*Data shown:*
--- START ---

theorem proposition2:
  fixes Pr :: "'w measure"
    and N :: "'w \<Rightarrow> nat \<Rightarrow> real measure"
    and \<mu> :: real
    and Ts Tc Fs Fc Is Ic Ns Nc :: "real \<Rightarrow> real"
  defines "M \<equiv> vec 4 (\<lambda>i. if i < 2 then \<mu> else 0)"
    and "Phi \<equiv> Phi_mat Ts Tc Fs Fc Is Ic Ns Nc"
    and "lam \<equiv> hawkes_intensity (vec 4 (\<lambda>i. if i < 2 then \<mu> else 0))
                    (Phi_mat Ts Tc Fs Fc Is Ic Ns Nc) N"
  assumes prob: "prob_space Pr"
    and mu_pos: "\<mu> > 0"
    and kernels: "\<forall>f \<in> {Ts, Tc, Fs, Fc, Is, Ic, Ns, Nc}.
        f \<in> borel_measurable borel \<and> (\<forall>t. 0 \<le> f t) \<and> (\<forall>t < 0. f t = 0) \<and> integrable lborel f"
    and eig: "\<forall>c. eigenvalue (map_mat complex_of_real (fhat0 4 Phi)) c \<longrightarrow> cmod c < 1"
    and N_sets: "\<forall>w j. j < 4 \<longrightarrow> sets (N w j) = sets borel"
    and N_counting: "\<forall>w j (a::real) b. j < 4 \<longrightarrow> emeasure (N w j) {a..b} \<in> range of_nat"
    and N_meas: "\<forall>j < 4. \<forall>A \<in> sets borel. (\<lambda>w. emeasure (N w j) A) \<in> borel_measurable Pr"
    and lam_meas: "\<forall>i < 4. (\<lambda>(w, t). lam w i t) \<in> borel_measurable (Pr \<Otimes>\<^sub>M lborel)"
    and intensity: "\<forall>i < 4. \<forall>A \<in> sets borel.
        (\<integral>\<^sup>+ w. emeasure (N w i) A \<partial>Pr) = (\<integral>\<^sup>+ w. (\<integral>\<^sup>+ t\<in>A. lam w i t \<partial>lborel) \<partial>Pr)"
    and stationary: "\<forall>i < 4. \<forall>t. (\<integral>\<^sup>+ w. lam w i t \<partial>Pr) = (\<integral>\<^sup>+ w. lam w i 0 \<partial>Pr)"
    and finite_mean: "\<forall>i < 4. (\<integral>\<^sup>+ w. lam w i 0 \<partial>Pr) < \<infinity>"
  shows "let Lam = vec 4 (\<lambda>i. enn2real (\<integral>\<^sup>+ w. lam w i 0 \<partial>Pr));
             PhiT = fhat0 2 (\<lambda>t. blk2 (Ts t) (Tc t));
             PhiF = fhat0 2 (\<lambda>t. blk2 (Fs t) (Fc t));
             PhiI = fhat0 2 (\<lambda>t. blk2 (Is t) (Ic t));
             PhiN = fhat0 2 (\<lambda>t. blk2 (Ns t) (Nc t));
             v = vec 2 (\<lambda>_. 1 :: real)
         in (\<exists>B. mat_inverse (1\<^sub>m 4 - fhat0 4 Phi) = Some B \<and> Lam = B *\<^sub>v M)
          \<and> (\<exists>C. mat_inverse ((1\<^sub>m 2 - PhiT) * (1\<^sub>m 2 - PhiN) - PhiF * PhiI) = Some C \<and>
               (let D = C - 1\<^sub>m 2 in
                  vec 2 (\<lambda>i. Lam $ i) = \<mu> \<cdot>\<^sub>v (((1\<^sub>m 2 + D) * (1\<^sub>m 2 - PhiN)) *\<^sub>v v)
                \<and> vec 2 (\<lambda>i. Lam $ (i + 2)) = \<mu> \<cdot>\<^sub>v (((1\<^sub>m 2 + D) * PhiI) *\<^sub>v v)))"
proof -
  \<comment> \<open>Only first moments enter the argument.\<close>
  interpret stationary_hawkes Pr N M Phi
    using stationary_hawkes_Phi_mat[OF prob mu_pos kernels N_sets N_meas] lam_meas intensity stationary
      finite_mean
    unfolding M_def Phi_def lam_def by blast
  have "\<not> eigenvalue (fhat0 4 Phi) 1"
    using eig of_real_hom.eigenvalue_hom[of "fhat0 4 Phi" 4 1] by (auto simp: fhat0_def)
  then have det: "det (1\<^sub>m 4 - fhat0 4 Phi) \<noteq> 0"
    by (intro det_one_minus_neq_0) (simp add: fhat0_def)
  let ?blk = "\<lambda>f g. blk2 (integral\<^sup>L lborel f) (integral\<^sup>L lborel g)"
  have blocks: "fhat0 4 Phi = four_block_mat (?blk Ts Tc) (?blk Fs Fc) (?blk Is Ic) (?blk Ns Nc)"
    unfolding Phi_def fhat0_Phi_mat fhat0_blk2 ..
  have Lam: "mean_intensity \<in> carrier_vec 4"
    by (simp add: mean_intensity_def)
  obtain B C where B: "mat_inverse (1\<^sub>m 4 - fhat0 4 Phi) = Some B" "mean_intensity = B *\<^sub>v M"
    and C: "mat_inverse ((1\<^sub>m 2 - ?blk Ts Tc) * (1\<^sub>m 2 - ?blk Ns Nc) - ?blk Fs Fc * ?blk Is Ic) = Some C"
      "C \<in> carrier_mat 2 2"
      "vec 2 (\<lambda>i. mean_intensity $ i) = \<mu> \<cdot>\<^sub>v ((C * (1\<^sub>m 2 - ?blk Ns Nc)) *\<^sub>v vec 2 (\<lambda>_. 1))"
      "vec 2 (\<lambda>i. mean_intensity $ (i + 2)) = \<mu> \<cdot>\<^sub>v ((C * ?blk Is Ic) *\<^sub>v vec 2 (\<lambda>_. 1))"
    by (rule blk2_block_mean_solution[OF det[unfolded blocks] Lam[unfolded M_def]
          mean_intensity_equation[unfolded blocks M_def], folded M_def blocks])
  have "1\<^sub>m 2 + (C - 1\<^sub>m 2) = C"
    using C(2) by (intro eq_matI) auto
  moreover have "vec 4 (\<lambda>i. enn2real (\<integral>\<^sup>+ w. lam w i 0 \<partial>Pr)) = mean_intensity"
    unfolding mean_intensity_def unfolding lam_def M_def Phi_def ..
  ultimately show ?thesis
    using B C unfolding Let_def fhat0_blk2 by auto
qed

end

--- END ---

*Exercise description:* The response must consist solely of the lines from the first line of the entries through the line containing "< 4. \<forall>t.", repeated exactly.

*Result for this task:*
theorem proposition2:
  fixes Pr :: "'w measure"
    and N :: "'w \<Rightarrow> nat \<Rightarrow> real measure"
    and \<mu> :: real
    and Ts Tc Fs Fc Is Ic Ns Nc :: "real \<Rightarrow> real"
  defines "M \<equiv> vec 4 (\<lambda>i. if i < 2 then \<mu> else 0)"
    and "Phi \<equiv> Phi_mat Ts Tc Fs Fc Is Ic Ns Nc"
    and "lam \<equiv> hawkes_intensity (vec 4 (\<lambda>i. if i < 2 then \<mu> else 0))
                    (Phi_mat Ts Tc Fs Fc Is Ic Ns Nc) N"
  assumes prob: "prob_space Pr"
    and mu_pos: "\<mu> > 0"
    and kernels: "\<forall>f \<in> {Ts, Tc, Fs, Fc, Is, Ic, Ns, Nc}.
        f \<in> borel_measurable borel \<and> (\<forall>t. 0 \<le> f t) \<and> (\<forall>t < 0. f t = 0) \<and> integrable lborel f"
    and eig: "\<forall>c. eigenvalue (map_mat complex_of_real (fhat0 4 Phi)) c \<longrightarrow> cmod c < 1"
    and N_sets: "\<forall>w j. j < 4 \<longrightarrow> sets (N w j) = sets borel"
    and N_counting: "\<forall>w j (a::real) b. j < 4 \<longrightarrow> emeasure (N w j) {a..b} \<in> range of_nat"
    and N_meas: "\<forall>j < 4. \<forall>A \<in> sets borel. (\<lambda>w. emeasure (N w j) A) \<in> borel_measurable Pr"
    and lam_meas: "\<forall>i < 4. (\<lambda>(w, t). lam w i t) \<in> borel_measurable (Pr \<Otimes>\<^sub>M lborel)"
    and intensity: "\<forall>i < 4. \<forall>A \<in> sets borel.
        (\<integral>\<^sup>+ w. emeasure (N w i) A \<partial>Pr) = (\<integral>\<^sup>+ w. (\<integral>\<^sup>+ t\<in>A. lam w i t \<partial>lborel) \<partial>Pr)"
    and stationary: "\<forall>i < 4. \<forall>t. (\<integral>\<^sup>+ w. lam w i t \<partial>Pr) = (\<integral>\<^sup>+ w. lam w i 0 \<partial>Pr)"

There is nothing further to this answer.